Scenario 2: Both Partners with Medium Income

Peter is ZZP with €40,000 profit. Sofie is employed at €45,000. Both in the 37% bracket.

  • Distribution impact → With similar incomes and both in the same bracket, distribution makes less difference. They can split deductions 50/50 or assign to whoever it helps most marginally.
  • Box 3 → With €100,000 combined savings, they stay under the €118,714 threshold. No wealth tax due. They each claim ~€50k to maximize both exemptions.

Scenario 3: One Employed + One ZZP with Variable Income

Linda is employed at €60,000. Mark is freelancer: €20,000 one year, €80,000 the next.

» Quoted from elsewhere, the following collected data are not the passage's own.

(* Let $(\alpha_n)_{n\ge0}$ be complex numbers with $|\alpha_n|<1$ and notation as in the context. For every integer $m$ and nonnegative integer $n$, \[ \det\left(\mu_{m+i-j}\right)_{0\le i,j\le n}=\prod_{k=0}^{n-1}(1-|\alpha_k|^2)^{n-k}\cdot\det\left(\mu_{m+i,j}\right)_{0\le i,j\le n}, \] where $\mu_{a,j}=\langle\Phi_j(z),z^a\rangle/\langle\Phi_j(z),\Phi_j(z)\rangle$ for integers $a$ and $j\ge0$, and the product is $1$ when $n=0$.
   Context: For a polynomial $f(z)=\sum_{k=0}^n a_kz^k$ of degree $n$, write $\overline{f}(z)=\sum_k\overline{a_k}z^k$ and $f^*(z)=z^n\overline{f}(1/z)$. Define monic $\Phi_n$ by $\Phi_0=1$, $\Phi_{n+1}(z)=z\Phi_n(z)-\overline{\alpha_n}\Phi_n^*(z)$. Let $\mathcal{L}$ be the unique linear functional on the space of Laurent polynomials with $\mathcal{L}(1)=1$ and $\mathcal{L}(\Phi_m(z)\overline{\Phi_n}(1/z))=0$ for $m\ne n$ (for a Laurent polynomial $g$, $\overline{g}$ conjugates all coefficients). Set $\langle f,g\rangle=\mathcal{L}(f(z)\overline{g}(1/z))$ and $\mu_k=\mathcal{L}(z^{-k})$ for integers $k$. *)

theory Defs
  imports "HOL-Computational_Algebra.Polynomial" "Jordan_Normal_Form.Determinant"
begin

text \<open>Laurent polynomials are represented by their coefficient functions
  \<open>int \<Rightarrow> complex\<close> with finite support.\<close>

definition laurent :: "(int \<Rightarrow> complex) \<Rightarrow> bool" where
  "laurent g \<longleftrightarrow> finite {k. g k \<noteq> 0}"

definition lin_functional :: "((int \<Rightarrow> complex) \<Rightarrow> complex) \<Rightarrow> bool" where
  "lin_functional L \<longleftrightarrow>
     (\<forall>a f g. laurent f \<longrightarrow> laurent g \<longrightarrow>
        L (\<lambda>k. a * f k + g k) = a * L f + L g)"

definition zpow :: "int \<Rightarrow> int \<Rightarrow> complex" where
  "zpow a = (\<lambda>k. if k = a then 1 else 0)"

definition lp_of_poly :: "complex poly \<Rightarrow> int \<Rightarrow> complex" where
  "lp_of_poly p = (\<lambda>k. if k \<ge> 0 then coeff p (nat k) else 0)"

text \<open>The Laurent polynomial \<open>f(z) \<cdot> conj-coeff(g)(1/z)\<close>.\<close>
definition lpair :: "(int \<Rightarrow> complex) \<Rightarrow> (int \<Rightarrow> complex) \<Rightarrow> int \<Rightarrow> complex" where
  "lpair f g = (\<lambda>k. \<Sum>i\<in>{i. f i \<noteq> 0}. \<Sum>j\<in>{j. g j \<noteq> 0}.
                     if i - j = k then f i * cnj (g j) else 0)"

definition lip :: "((int \<Rightarrow> complex) \<Rightarrow> complex) \<Rightarrow> (int \<Rightarrow> complex) \<Rightarrow> (int \<Rightarrow> complex) \<Rightarrow> complex" where
  "lip L f g = L (lpair f g)"

text \<open>\<open>f^*(z) = z^n \<bar>f(1/z)\<close> with \<open>n = deg f\<close>.\<close>
definition pstar :: "complex poly \<Rightarrow> complex poly" where
  "pstar p = map_poly cnj (reflect_poly p)"

fun Phi :: "(nat \<Rightarrow> complex) \<Rightarrow> nat \<Rightarrow> complex poly" where
  "Phi \<alpha> 0 = 1"
| "Phi \<alpha> (Suc n) = [:0, 1:] * Phi \<alpha> n - smult (cnj (\<alpha> n)) (pstar (Phi \<alpha> n))"

definition mom :: "((int \<Rightarrow> complex) \<Rightarrow> complex) \<Rightarrow> int \<Rightarrow> complex" where
  "mom L k = L (zpow (- k))"

definition mom2 :: "((int \<Rightarrow> complex) \<Rightarrow> complex) \<Rightarrow> (nat \<Rightarrow> complex) \<Rightarrow> int \<Rightarrow> nat \<Rightarrow> complex" where
  "mom2 L \<alpha> a j = lip L (lp_of_poly (Phi \<alpha> j)) (zpow a) /
                   lip L (lp_of_poly (Phi \<alpha> j)) (lp_of_poly (Phi \<alpha> j))"

definition is_OPUC_functional :: "(nat \<Rightarrow> complex) \<Rightarrow> ((int \<Rightarrow> complex) \<Rightarrow> complex) \<Rightarrow> bool" where
  "is_OPUC_functional \<alpha> L \<longleftrightarrow> lin_functional L \<and> L (zpow 0) = 1 \<and>
     (\<forall>m n. m \<noteq> n \<longrightarrow> L (lpair (lp_of_poly (Phi \<alpha> m)) (lp_of_poly (Phi \<alpha> n))) = 0)"

end

theory Submission
  imports Defs
begin

text \<open>Multiplying the Toeplitz matrix \<open>(\<mu>(m+i-j))\<close> on the right by the unitriangular
  matrix whose columns are the coefficient vectors of \<open>\<Phi>\<^sub>0, \<dots>, \<Phi>\<^sub>n\<close> gives the
  matrix \<open>(\<langle>\<Phi>\<^sub>j, z\<^sup>m\<^sup>+\<^sup>i\<rangle>)\<close>, whose \<open>j\<close>-th column is \<open>\<kappa>\<^sub>j = \<langle>\<Phi>\<^sub>j, \<Phi>\<^sub>j\<rangle>\<close> times the
  \<open>j\<close>-th column of \<open>(\<mu>(m+i,j))\<close>. So the two determinants differ by the factor
  \<open>\<kappa>\<^sub>0 \<cdots> \<kappa>\<^sub>n\<close>, which Szego's recursion \<open>\<kappa>\<^sub>k\<^sub>+\<^sub>1 = (1 - |\<alpha>\<^sub>k|\<^sup>2) \<kappa>\<^sub>k\<close>, \<open>\<kappa>\<^sub>0 = 1\<close> evaluates.
  The recursion follows from \<open>\<kappa>\<^sub>k = \<langle>\<Phi>\<^sub>k, z\<^sup>k\<rangle>\<close> (orthogonality), the Toeplitz
  property \<open>\<langle>zp, zq\<rangle> = \<langle>p, q\<rangle>\<close> and the reflection identity \<open>\<langle>p\<^sup>*, q\<^sup>*\<rangle> = \<langle>q, p\<rangle>\<close>.\<close>

subsection \<open>Linear functionals and moments\<close>

lemma lin_functional_zero:
  assumes "lin_functional L"
  shows "L (\<lambda>k. 0) = 0"
proof -
  have "laurent (\<lambda>k. 0)"
    by (simp add: laurent_def)
  then have "L (\<lambda>k. 1 * 0 + 0) = 1 * L (\<lambda>k. 0) + L (\<lambda>k. 0)"
    using assms unfolding lin_functional_def by blast
  then show ?thesis by simp
qed

lemma laurent_sum:
  assumes "finite A" "\<And>x. x \<in> A \<Longrightarrow> laurent (h x)"
  shows "laurent (\<lambda>k. \<Sum>x\<in>A. c x * h x k)"
proof -
  have "{k. (\<Sum>x\<in>A. c x * h x k) \<noteq> 0} \<subseteq> (\<Union>x\<in>A. {k. h x k \<noteq> 0})"
    by (auto intro: ccontr simp: sum.neutral)
  moreover have "finite (\<Union>x\<in>A. {k. h x k \<noteq> 0})"
    using assms by (auto simp: laurent_def)
  ultimately show ?thesis
    unfolding laurent_def by (rule finite_subset)
qed

lemma lin_functional_sum:
  assumes L: "lin_functional L" and "finite A" "\<And>x. x \<in> A \<Longrightarrow> laurent (h x)"
  shows "L (\<lambda>k. \<Sum>x\<in>A. c x * h x k) = (\<Sum>x\<in>A. c x * L (h x))"
  using assms(2,3)
proof (induction A rule: finite_induct)
  case empty
  then show ?case using lin_functional_zero[OF L] by simp
next
  case (insert x F)
  have "laurent (\<lambda>k. \<Sum>y\<in>F. c y * h y k)"
    using insert by (intro laurent_sum) auto
  then have "L (\<lambda>k. c x * h x k + (\<Sum>y\<in>F. c y * h y k)) =
             c x * L (h x) + L (\<lambda>k. \<Sum>y\<in>F. c y * h y k)"
    using L insert.prems unfolding lin_functional_def by blast
  then show ?case using insert by simp
qed

lemma laurent_zpow: "laurent (zpow a)"
  unfolding laurent_def zpow_def by simp

lemma lin_functional_lpair:
  assumes L: "lin_functional L"
    and S: "finite S" "{i. f i \<noteq> 0} \<subseteq> S" and T: "finite T" "{j. g j \<noteq> 0} \<subseteq> T"
  shows "L (lpair f g) = (\<Sum>i\<in>S. \<Sum>j\<in>T. f i * cnj (g j) * mom L (j - i))"
proof -
  have fin: "finite {i. f i \<noteq> 0}" "finite {j. g j \<noteq> 0}"
    using S T finite_subset by auto
  have "lpair f g = (\<lambda>k. \<Sum>(i, j)\<in>S \<times> T. f i * cnj (g j) * zpow (i - j) k)"
  proof
    fix k
    have "lpair f g k = (\<Sum>i\<in>S. \<Sum>j\<in>{j. g j \<noteq> 0}. if i - j = k then f i * cnj (g j) else 0)"
      unfolding lpair_def
      by (rule sum.mono_neutral_left) (use S fin in \<open>auto intro!: sum.neutral split: if_splits\<close>)
    also have "\<dots> = (\<Sum>i\<in>S. \<Sum>j\<in>T. if i - j = k then f i * cnj (g j) else 0)"
      by (intro sum.cong refl sum.mono_neutral_left) (use T fin in auto)
    finally show "lpair f g k = (\<Sum>(i, j)\<in>S \<times> T. f i * cnj (g j) * zpow (i - j) k)"
      by (auto simp: sum.cartesian_product zpow_def intro!: sum.cong)
  qed
  then have "L (lpair f g) = (\<Sum>(i, j)\<in>S \<times> T. f i * cnj (g j) * L (zpow (i - j)))"
    using lin_functional_sum[OF L, of "S \<times> T" "\<lambda>(i, j). zpow (i - j)" "\<lambda>(i, j). f i * cnj (g j)"]
      S T by (simp add: laurent_zpow split_def)
  then show ?thesis
    by (simp add: sum.cartesian_product mom_def)
qed

lemma lp_of_poly_support:
  assumes "degree p < N"
  shows "{k. lp_of_poly p k \<noteq> 0} \<subseteq> int ` {..<N}"
proof
  fix k assume "k \<in> {k. lp_of_poly p k \<noteq> 0}"
  then have "k \<ge> 0" "coeff p (nat k) \<noteq> 0"
    by (auto simp: lp_of_poly_def split: if_splits)
  then show "k \<in> int ` {..<N}"
    using assms le_degree[of p "nat k"] by (intro image_eqI[of _ _ "nat k"]) auto
qed

lemma lip_zpow:
  assumes L: "lin_functional L" and "degree p < N"
  shows "lip L (lp_of_poly p) (zpow a) = (\<Sum>j<N. coeff p j * mom L (a - int j))"
proof -
  have "lip L (lp_of_poly p) (zpow a) =
    (\<Sum>j\<in>int ` {..<N}. \<Sum>b\<in>{a}. lp_of_poly p j * cnj (zpow a b) * mom L (b - j))"
    unfolding lip_def
    by (rule lin_functional_lpair[OF L]) (use lp_of_poly_support assms in \<open>auto simp: zpow_def\<close>)
  then show ?thesis
    by (simp add: sum.reindex lp_of_poly_def zpow_def)
qed


subsection \<open>The inner product on polynomials\<close>

abbreviation poly_ip ::
  "((int \<Rightarrow> complex) \<Rightarrow> complex) \<Rightarrow> complex poly \<Rightarrow> complex poly \<Rightarrow> complex" where
  "poly_ip L p q \<equiv> lip L (lp_of_poly p) (lp_of_poly q)"

definition moment_form :: "(int \<Rightarrow> complex) \<Rightarrow> nat \<Rightarrow> complex poly \<Rightarrow> complex poly \<Rightarrow> complex" where
  "moment_form \<mu> N p q = (\<Sum>i<N. \<Sum>j<N. coeff p i * cnj (coeff q j) * \<mu> (int j - int i))"

lemma poly_ip_eq_moment_form:
  assumes L: "lin_functional L" and "degree p < N" "degree q < N"
  shows "poly_ip L p q = moment_form (mom L) N p q"
proof -
  have "poly_ip L p q = (\<Sum>i\<in>int ` {..<N}. \<Sum>j\<in>int ` {..<N}.
          lp_of_poly p i * cnj (lp_of_poly q j) * mom L (j - i))"
    unfolding lip_def
    by (rule lin_functional_lpair[OF L]) (use lp_of_poly_support assms in auto)
  then show ?thesis
    unfolding moment_form_def by (simp add: sum.reindex lp_of_poly_def)
qed

lemma moment_form_add_left:
  "moment_form \<mu> N (p + q) r = moment_form \<mu> N p r + moment_form \<mu> N q r"
  unfolding moment_form_def by (simp add: distrib_right sum.distrib)

lemma moment_form_diff_left:
  "moment_form \<mu> N (p - q) r = moment_form \<mu> N p r - moment_form \<mu> N q r"
  unfolding moment_form_def by (simp add: left_diff_distrib sum_subtractf)

lemma moment_form_smult_left: "moment_form \<mu> N (smult c p) r = c * moment_form \<mu> N p r"
  unfolding moment_form_def by (simp add: sum_distrib_left mult.assoc)

lemma moment_form_add_right:
  "moment_form \<mu> N r (p + q) = moment_form \<mu> N r p + moment_form \<mu> N r q"
  unfolding moment_form_def by (simp add: distrib_right distrib_left sum.distrib)

lemma moment_form_diff_right:
  "moment_form \<mu> N r (p - q) = moment_form \<mu> N r p - moment_form \<mu> N r q"
  unfolding moment_form_def by (simp add: left_diff_distrib right_diff_distrib sum_subtractf)

lemma moment_form_smult_right:
  "moment_form \<mu> N r (smult c p) = cnj c * moment_form \<mu> N r p"
  unfolding moment_form_def by (simp add: sum_distrib_left mult_ac)

lemma moment_form_pCons_0:
  "moment_form \<mu> (Suc N) (pCons 0 p) (pCons 0 q) = moment_form \<mu> N p q"
  unfolding moment_form_def by (simp add: sum.lessThan_Suc_shift del: sum.lessThan_Suc)

text \<open>\<open>z\<^sup>d \<bar>p(1/z)\<close>, i.e. \<open>p\<^sup>*\<close> taken with respect to the degree bound \<open>d\<close>.\<close>
definition reflect_cnj :: "nat \<Rightarrow> complex poly \<Rightarrow> complex poly" where
  "reflect_cnj d p = (\<Sum>i\<le>d. monom (cnj (coeff p (d - i))) i)"

lemma coeff_reflect_cnj: "coeff (reflect_cnj d p) k = (if k \<le> d then cnj (coeff p (d - k)) else 0)"
  unfolding reflect_cnj_def by (simp add: coeff_sum coeff_monom)

lemma degree_reflect_cnj_le: "degree (reflect_cnj d p) \<le> d"
  by (rule degree_le) (simp add: coeff_reflect_cnj)

lemma moment_form_reflect_cnj:
  "moment_form \<mu> (Suc d) (reflect_cnj d p) (reflect_cnj d q) = moment_form \<mu> (Suc d) q p"
proof -
  define G where "G a b = cnj (coeff p a) * coeff q b * \<mu> (int a - int b)" for a b
  have "moment_form \<mu> (Suc d) (reflect_cnj d p) (reflect_cnj d q) =
        (\<Sum>i<Suc d. \<Sum>j<Suc d. G (Suc d - Suc i) (Suc d - Suc j))"
    unfolding moment_form_def G_def by (intro sum.cong refl) (auto simp: coeff_reflect_cnj of_nat_diff)
  also have "\<dots> = (\<Sum>i<Suc d. \<Sum>j<Suc d. G (Suc d - Suc i) j)"
    by (simp only: sum.nat_diff_reindex)
  also have "\<dots> = (\<Sum>i<Suc d. \<Sum>j<Suc d. G i j)"
    by (rule sum.nat_diff_reindex)
  also have "\<dots> = (\<Sum>j<Suc d. \<Sum>i<Suc d. G i j)"
    by (rule sum.swap)
  also have "\<dots> = moment_form \<mu> (Suc d) q p"
    unfolding moment_form_def G_def by (simp add: mult_ac)
  finally show ?thesis .
qed

lemma coeff_pstar: "coeff (pstar p) k = (if k \<le> degree p then cnj (coeff p (degree p - k)) else 0)"
  unfolding pstar_def by (simp add: coeff_map_poly coeff_reflect_poly)

lemma degree_pstar_le: "degree (pstar p) \<le> degree p"
  by (rule degree_le) (simp add: coeff_pstar)

lemma pstar_eq_reflect_cnj: "pstar p = reflect_cnj (degree p) p"
  by (rule poly_eqI) (simp add: coeff_pstar coeff_reflect_cnj)

lemma pstar_eq_reflect_cnj_pCons_0: "pstar p = reflect_cnj (Suc (degree p)) (pCons 0 p)"
  by (rule poly_eqI)
     (auto simp: coeff_pstar coeff_reflect_cnj coeff_pCons Suc_diff_le split: nat.splits)

lemma reflect_cnj_monom_1: "reflect_cnj n (monom 1 n) = 1"
  by (rule poly_eqI) (auto simp: coeff_reflect_cnj coeff_monom coeff_1)

lemma reflect_cnj_1: "reflect_cnj n 1 = monom 1 n"
  by (rule poly_eqI) (auto simp: coeff_reflect_cnj coeff_monom coeff_1)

  • Low year for Mark → Put deductions with Linda (the high earner). Mark with €20k income has limited benefit anyway. Eigenwoningforfait (if applicable) goes to Mark since his low bracket means less tax.
  • High year for Mark → Mark earns €80k (partly in top bracket). But deductions are capped at 37%. Test whether assigning to Linda (keeping her heffingskorting higher) or Mark yields better combined result.

Scenario 4: Both Entrepreneurs in 50/50 VOF

Scenario 4: Both Entrepreneurs in 50/50 VOF

Jeroen and Martine form a VOF with €100,000 total profit. Each gets €50,000.

  • Both claim €1,200 zelfstandigenaftrek = €2,400 total (vs €1,200 for one ZZP)
  • Both get 14% MKB-winstvrijstelling on their €50,000
  • Both stay fully in the 37% bracket (vs one person partly at 49.5% on €100k)
  • Both get substantial arbeidskorting

→ Combined savings: easily several thousand euros per year compared to one-person business

Business couple reviewing tax strategies

7. Disadvantages and Considerations

While fiscal partnership often provides tax benefits, there are potential downsides and risks to consider:

Reduced Benefits (Toeslagen)

Both incomes are combined for means-tested benefits. Your combined income may exceed thresholds for huurtoeslag, zorgtoeslag, or kinderopvangtoeslag - potentially losing thousands in benefits.

One Mortgage Deduction Only

If each partner owned a home before moving in together, only one qualifies as primary residence. The second home's mortgage interest is no longer deductible (it becomes Box 3).

Joint Liability (VOF)

In a man-vrouwfirma (VOF), both partners are personally liable for ALL business debts. Creditors can claim both partners' personal assets. This is a significant financial risk.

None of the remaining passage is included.